▶ **Supplied material**:

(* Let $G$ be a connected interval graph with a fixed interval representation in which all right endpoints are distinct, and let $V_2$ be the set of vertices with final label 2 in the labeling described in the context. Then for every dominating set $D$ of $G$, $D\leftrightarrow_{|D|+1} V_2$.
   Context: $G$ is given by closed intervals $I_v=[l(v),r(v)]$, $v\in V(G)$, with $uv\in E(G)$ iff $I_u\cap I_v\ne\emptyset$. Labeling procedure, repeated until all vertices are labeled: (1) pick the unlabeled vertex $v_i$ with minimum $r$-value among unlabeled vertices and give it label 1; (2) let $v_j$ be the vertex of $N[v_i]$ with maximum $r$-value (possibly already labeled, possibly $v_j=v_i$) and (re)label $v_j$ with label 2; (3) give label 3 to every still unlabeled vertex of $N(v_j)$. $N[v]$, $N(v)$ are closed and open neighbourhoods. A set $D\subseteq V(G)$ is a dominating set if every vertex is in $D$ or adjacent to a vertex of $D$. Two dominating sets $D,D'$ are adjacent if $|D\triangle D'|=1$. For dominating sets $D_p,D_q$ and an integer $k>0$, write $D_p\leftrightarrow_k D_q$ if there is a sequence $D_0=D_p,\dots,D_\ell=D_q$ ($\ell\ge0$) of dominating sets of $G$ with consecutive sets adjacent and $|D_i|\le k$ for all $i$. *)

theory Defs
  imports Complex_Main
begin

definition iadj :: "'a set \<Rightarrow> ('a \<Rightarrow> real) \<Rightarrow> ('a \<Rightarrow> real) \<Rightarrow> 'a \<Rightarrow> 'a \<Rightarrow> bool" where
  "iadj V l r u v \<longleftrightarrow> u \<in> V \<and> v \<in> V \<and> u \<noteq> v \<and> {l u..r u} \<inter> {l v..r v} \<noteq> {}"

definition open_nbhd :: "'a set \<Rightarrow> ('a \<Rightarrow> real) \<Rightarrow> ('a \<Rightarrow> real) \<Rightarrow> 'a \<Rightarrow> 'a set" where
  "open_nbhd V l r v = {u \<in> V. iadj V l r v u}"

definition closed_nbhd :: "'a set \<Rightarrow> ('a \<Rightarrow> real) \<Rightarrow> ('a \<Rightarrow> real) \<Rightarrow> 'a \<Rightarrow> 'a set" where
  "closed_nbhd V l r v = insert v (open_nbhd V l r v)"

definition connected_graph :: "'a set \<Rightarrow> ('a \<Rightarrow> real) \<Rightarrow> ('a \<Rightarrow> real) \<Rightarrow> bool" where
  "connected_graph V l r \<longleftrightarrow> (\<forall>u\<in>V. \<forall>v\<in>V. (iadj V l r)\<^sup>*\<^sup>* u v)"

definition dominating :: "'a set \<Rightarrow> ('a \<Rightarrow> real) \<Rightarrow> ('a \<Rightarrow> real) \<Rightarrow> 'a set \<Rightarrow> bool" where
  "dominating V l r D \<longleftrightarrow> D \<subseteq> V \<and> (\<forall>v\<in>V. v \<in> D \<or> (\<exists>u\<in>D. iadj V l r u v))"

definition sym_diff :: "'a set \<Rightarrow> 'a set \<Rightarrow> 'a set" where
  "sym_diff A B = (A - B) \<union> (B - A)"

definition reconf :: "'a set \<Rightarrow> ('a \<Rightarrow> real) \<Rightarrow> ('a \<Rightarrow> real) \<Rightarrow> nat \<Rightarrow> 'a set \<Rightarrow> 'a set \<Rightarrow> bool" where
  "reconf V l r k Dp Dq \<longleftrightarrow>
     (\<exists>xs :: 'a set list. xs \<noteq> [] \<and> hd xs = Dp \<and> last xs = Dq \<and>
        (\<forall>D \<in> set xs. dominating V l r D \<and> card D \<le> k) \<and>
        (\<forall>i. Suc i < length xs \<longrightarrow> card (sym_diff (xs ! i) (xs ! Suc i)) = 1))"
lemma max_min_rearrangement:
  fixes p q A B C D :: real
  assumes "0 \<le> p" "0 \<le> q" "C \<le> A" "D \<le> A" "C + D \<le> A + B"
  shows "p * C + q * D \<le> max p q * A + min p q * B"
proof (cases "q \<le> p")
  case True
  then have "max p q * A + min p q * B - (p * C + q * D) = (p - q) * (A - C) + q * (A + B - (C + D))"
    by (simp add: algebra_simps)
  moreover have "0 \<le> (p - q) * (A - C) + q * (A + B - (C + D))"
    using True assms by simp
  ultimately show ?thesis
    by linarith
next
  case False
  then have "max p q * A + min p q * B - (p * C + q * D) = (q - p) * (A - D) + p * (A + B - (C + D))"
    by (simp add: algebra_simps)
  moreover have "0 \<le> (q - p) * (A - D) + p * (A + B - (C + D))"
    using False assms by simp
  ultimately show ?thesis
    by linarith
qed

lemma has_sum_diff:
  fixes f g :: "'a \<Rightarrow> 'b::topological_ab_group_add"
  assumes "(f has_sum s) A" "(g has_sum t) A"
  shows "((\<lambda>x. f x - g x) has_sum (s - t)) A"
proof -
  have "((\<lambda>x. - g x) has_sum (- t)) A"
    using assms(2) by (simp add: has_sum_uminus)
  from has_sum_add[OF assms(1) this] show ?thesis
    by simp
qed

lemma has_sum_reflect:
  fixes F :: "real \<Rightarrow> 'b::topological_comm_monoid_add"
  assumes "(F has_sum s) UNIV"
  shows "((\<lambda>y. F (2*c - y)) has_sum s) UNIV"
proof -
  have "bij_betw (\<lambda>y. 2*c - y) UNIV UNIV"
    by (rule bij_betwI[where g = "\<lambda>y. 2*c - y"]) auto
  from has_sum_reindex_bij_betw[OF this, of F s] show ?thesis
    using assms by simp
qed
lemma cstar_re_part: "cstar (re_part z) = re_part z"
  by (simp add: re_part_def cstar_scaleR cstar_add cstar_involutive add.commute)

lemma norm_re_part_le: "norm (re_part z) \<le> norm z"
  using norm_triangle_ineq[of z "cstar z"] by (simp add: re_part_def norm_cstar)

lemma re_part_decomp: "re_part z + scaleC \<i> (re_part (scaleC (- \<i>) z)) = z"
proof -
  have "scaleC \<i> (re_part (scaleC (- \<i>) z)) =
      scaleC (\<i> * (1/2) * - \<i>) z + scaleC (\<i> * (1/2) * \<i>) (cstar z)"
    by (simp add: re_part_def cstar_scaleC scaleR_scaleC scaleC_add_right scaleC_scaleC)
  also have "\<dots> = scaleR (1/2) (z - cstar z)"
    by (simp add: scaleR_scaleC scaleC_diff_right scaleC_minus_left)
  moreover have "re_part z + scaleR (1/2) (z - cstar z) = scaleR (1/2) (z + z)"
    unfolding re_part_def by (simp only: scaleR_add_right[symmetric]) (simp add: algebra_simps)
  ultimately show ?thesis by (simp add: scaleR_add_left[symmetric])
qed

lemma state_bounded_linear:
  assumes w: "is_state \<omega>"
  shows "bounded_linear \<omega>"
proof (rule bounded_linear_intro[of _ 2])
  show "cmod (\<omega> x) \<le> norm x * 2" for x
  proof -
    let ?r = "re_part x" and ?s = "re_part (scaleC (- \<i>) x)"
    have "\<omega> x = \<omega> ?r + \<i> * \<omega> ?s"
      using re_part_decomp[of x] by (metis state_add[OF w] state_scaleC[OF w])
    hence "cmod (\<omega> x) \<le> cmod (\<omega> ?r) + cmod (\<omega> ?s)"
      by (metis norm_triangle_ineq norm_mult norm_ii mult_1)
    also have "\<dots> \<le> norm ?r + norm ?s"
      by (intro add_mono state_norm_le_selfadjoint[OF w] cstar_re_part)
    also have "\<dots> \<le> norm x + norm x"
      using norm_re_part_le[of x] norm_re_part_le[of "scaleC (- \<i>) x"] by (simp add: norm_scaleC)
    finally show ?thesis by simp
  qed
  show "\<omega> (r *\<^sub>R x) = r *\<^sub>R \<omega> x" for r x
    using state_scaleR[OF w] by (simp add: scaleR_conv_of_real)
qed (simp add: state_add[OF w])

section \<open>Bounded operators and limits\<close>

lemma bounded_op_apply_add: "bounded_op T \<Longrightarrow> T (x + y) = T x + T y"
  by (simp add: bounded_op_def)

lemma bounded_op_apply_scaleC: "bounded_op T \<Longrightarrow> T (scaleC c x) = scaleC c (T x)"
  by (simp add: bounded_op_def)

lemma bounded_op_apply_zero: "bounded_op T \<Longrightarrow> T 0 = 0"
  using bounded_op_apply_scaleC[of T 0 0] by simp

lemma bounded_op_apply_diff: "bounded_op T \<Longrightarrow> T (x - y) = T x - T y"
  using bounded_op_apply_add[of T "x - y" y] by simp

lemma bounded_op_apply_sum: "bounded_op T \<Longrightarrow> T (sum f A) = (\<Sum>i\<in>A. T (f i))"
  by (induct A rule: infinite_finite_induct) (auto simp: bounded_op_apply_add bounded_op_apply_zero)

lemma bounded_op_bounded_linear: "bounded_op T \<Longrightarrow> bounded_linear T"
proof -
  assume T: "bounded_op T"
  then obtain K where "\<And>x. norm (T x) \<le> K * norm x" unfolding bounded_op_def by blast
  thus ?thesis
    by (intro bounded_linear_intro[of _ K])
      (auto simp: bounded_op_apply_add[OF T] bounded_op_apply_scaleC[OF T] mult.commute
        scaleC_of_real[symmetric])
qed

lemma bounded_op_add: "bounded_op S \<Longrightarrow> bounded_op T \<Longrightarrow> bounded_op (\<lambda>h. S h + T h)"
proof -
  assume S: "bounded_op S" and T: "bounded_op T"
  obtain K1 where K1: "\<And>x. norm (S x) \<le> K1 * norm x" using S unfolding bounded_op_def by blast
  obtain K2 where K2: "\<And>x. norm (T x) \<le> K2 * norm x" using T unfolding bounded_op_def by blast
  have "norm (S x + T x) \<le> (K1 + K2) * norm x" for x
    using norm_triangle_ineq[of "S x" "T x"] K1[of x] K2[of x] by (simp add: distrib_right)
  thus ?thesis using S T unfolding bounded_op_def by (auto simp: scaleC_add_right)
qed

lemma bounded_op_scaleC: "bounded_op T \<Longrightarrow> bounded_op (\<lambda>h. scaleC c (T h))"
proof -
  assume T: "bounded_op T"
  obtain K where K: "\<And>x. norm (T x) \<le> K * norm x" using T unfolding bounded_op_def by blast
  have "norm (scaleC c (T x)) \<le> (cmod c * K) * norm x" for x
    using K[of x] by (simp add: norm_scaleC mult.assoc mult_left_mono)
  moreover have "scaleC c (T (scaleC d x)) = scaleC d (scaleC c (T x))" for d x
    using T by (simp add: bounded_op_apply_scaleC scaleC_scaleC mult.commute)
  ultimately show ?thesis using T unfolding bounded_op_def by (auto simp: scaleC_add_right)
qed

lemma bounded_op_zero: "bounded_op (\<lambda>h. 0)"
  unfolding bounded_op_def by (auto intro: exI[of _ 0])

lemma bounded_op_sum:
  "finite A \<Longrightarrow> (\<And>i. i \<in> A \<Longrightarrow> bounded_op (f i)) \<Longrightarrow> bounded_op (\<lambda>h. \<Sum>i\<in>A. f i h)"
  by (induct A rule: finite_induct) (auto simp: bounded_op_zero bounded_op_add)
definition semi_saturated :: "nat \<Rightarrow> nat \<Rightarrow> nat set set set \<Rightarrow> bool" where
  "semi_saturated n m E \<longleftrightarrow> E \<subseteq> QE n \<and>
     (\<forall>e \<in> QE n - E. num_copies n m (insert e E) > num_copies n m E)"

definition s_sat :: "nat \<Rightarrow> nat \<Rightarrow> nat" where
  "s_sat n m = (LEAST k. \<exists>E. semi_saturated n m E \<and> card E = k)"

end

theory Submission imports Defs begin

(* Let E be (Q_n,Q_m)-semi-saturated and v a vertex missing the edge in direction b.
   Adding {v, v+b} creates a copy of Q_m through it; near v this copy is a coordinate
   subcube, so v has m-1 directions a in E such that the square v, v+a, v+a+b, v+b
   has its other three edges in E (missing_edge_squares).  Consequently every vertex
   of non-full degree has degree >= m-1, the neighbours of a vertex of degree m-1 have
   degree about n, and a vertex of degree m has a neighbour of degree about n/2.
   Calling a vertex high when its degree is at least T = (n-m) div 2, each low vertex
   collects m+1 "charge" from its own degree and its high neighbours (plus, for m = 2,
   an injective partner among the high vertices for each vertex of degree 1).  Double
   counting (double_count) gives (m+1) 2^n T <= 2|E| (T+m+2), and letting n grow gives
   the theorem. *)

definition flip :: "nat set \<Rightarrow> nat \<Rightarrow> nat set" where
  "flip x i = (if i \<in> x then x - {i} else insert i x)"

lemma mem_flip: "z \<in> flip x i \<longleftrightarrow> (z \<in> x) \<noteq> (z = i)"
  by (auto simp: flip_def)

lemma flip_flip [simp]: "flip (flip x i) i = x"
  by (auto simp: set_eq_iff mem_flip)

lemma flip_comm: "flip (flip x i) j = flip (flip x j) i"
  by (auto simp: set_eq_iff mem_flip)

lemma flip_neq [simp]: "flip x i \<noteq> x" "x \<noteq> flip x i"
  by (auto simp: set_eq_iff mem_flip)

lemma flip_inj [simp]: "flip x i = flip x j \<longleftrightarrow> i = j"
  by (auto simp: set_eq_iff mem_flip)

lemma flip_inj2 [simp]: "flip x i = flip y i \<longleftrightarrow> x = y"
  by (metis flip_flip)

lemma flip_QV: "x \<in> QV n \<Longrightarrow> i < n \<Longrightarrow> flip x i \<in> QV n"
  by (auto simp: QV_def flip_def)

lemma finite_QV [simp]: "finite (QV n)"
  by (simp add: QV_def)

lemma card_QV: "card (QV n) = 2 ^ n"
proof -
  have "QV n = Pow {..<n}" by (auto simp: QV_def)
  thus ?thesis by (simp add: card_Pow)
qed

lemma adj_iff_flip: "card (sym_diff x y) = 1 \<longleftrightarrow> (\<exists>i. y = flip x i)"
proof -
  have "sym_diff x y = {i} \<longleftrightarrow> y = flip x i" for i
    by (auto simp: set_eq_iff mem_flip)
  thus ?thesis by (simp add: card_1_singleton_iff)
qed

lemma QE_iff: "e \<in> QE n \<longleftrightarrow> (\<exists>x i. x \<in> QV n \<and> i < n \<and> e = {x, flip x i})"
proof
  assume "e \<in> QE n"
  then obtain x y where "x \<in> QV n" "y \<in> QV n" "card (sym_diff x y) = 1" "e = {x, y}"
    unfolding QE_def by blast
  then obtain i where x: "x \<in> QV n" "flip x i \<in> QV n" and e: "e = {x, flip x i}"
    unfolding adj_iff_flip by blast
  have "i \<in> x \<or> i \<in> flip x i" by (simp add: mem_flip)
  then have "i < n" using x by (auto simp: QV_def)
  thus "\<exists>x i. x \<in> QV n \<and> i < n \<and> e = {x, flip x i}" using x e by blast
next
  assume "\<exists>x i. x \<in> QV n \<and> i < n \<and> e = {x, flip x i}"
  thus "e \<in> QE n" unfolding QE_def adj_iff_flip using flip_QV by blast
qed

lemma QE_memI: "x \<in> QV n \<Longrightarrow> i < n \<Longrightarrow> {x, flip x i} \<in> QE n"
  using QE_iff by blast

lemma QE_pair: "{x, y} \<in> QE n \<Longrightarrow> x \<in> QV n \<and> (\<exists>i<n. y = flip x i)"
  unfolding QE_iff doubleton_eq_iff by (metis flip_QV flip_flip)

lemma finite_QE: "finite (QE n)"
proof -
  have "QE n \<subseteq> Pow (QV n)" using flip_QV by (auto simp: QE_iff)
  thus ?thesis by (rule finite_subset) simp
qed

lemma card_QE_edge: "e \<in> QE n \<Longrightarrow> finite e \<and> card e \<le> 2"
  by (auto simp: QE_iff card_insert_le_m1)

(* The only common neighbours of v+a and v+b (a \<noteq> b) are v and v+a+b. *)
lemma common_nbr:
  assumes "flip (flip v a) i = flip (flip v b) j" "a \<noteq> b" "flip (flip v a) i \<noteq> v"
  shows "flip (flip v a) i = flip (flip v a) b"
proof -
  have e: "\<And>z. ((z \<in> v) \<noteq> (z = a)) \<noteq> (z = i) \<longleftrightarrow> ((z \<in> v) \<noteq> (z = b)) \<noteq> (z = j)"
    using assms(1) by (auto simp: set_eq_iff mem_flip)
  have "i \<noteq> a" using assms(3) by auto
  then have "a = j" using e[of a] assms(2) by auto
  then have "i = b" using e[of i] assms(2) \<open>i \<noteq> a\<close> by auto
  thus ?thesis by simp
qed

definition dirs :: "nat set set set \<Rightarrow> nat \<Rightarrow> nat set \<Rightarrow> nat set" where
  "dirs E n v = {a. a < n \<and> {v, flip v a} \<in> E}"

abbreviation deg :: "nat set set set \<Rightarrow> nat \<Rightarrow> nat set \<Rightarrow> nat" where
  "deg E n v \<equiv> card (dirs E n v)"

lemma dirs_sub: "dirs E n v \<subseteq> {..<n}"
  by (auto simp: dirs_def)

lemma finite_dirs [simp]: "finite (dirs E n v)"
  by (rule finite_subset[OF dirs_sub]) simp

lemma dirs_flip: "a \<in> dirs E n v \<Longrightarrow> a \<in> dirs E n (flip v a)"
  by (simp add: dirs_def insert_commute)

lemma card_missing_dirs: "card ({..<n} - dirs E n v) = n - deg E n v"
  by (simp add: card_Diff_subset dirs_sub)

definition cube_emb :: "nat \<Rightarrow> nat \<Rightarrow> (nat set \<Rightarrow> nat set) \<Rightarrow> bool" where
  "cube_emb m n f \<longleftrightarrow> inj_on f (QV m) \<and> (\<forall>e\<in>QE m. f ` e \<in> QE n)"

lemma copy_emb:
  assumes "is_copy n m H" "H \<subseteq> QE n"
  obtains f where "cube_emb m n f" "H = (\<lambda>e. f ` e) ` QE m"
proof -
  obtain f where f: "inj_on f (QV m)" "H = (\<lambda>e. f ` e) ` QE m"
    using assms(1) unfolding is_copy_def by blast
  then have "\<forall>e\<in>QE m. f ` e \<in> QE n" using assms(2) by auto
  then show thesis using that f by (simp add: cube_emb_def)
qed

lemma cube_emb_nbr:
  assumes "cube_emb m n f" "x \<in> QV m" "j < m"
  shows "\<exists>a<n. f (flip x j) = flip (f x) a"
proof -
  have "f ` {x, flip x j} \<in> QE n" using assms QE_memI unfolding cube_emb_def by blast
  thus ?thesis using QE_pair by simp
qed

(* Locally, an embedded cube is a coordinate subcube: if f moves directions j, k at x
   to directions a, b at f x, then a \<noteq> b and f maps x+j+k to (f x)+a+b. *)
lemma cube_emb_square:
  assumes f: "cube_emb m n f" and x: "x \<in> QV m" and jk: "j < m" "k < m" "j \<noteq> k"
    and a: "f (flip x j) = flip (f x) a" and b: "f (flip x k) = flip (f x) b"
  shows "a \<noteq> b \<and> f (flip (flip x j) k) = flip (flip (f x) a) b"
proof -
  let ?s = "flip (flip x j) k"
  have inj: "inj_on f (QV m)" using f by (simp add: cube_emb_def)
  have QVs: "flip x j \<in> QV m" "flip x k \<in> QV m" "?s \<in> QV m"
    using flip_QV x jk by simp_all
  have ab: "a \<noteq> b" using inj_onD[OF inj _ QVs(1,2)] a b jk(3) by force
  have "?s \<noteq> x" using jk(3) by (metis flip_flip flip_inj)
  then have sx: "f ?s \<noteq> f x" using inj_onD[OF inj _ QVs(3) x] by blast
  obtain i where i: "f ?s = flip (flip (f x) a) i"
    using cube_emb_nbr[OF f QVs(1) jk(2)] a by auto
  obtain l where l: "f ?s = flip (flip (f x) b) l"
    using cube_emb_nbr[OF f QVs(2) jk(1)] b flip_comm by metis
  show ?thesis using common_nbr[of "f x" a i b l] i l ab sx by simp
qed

▶ **What you should do**: Copy out, exactly and alone, the lines of the entries above between the ones holding "(* Locally, an" and "x k) = flip", inclusive.

▶ **Task output**:
(* Locally, an embedded cube is a coordinate subcube: if f moves directions j, k at x
   to directions a, b at f x, then a \<noteq> b and f maps x+j+k to (f x)+a+b. *)
lemma cube_emb_square:
  assumes f: "cube_emb m n f" and x: "x \<in> QV m" and jk: "j < m" "k < m" "j \<noteq> k"
    and a: "f (flip x j) = flip (f x) a" and b: "f (flip x k) = flip (f x) b"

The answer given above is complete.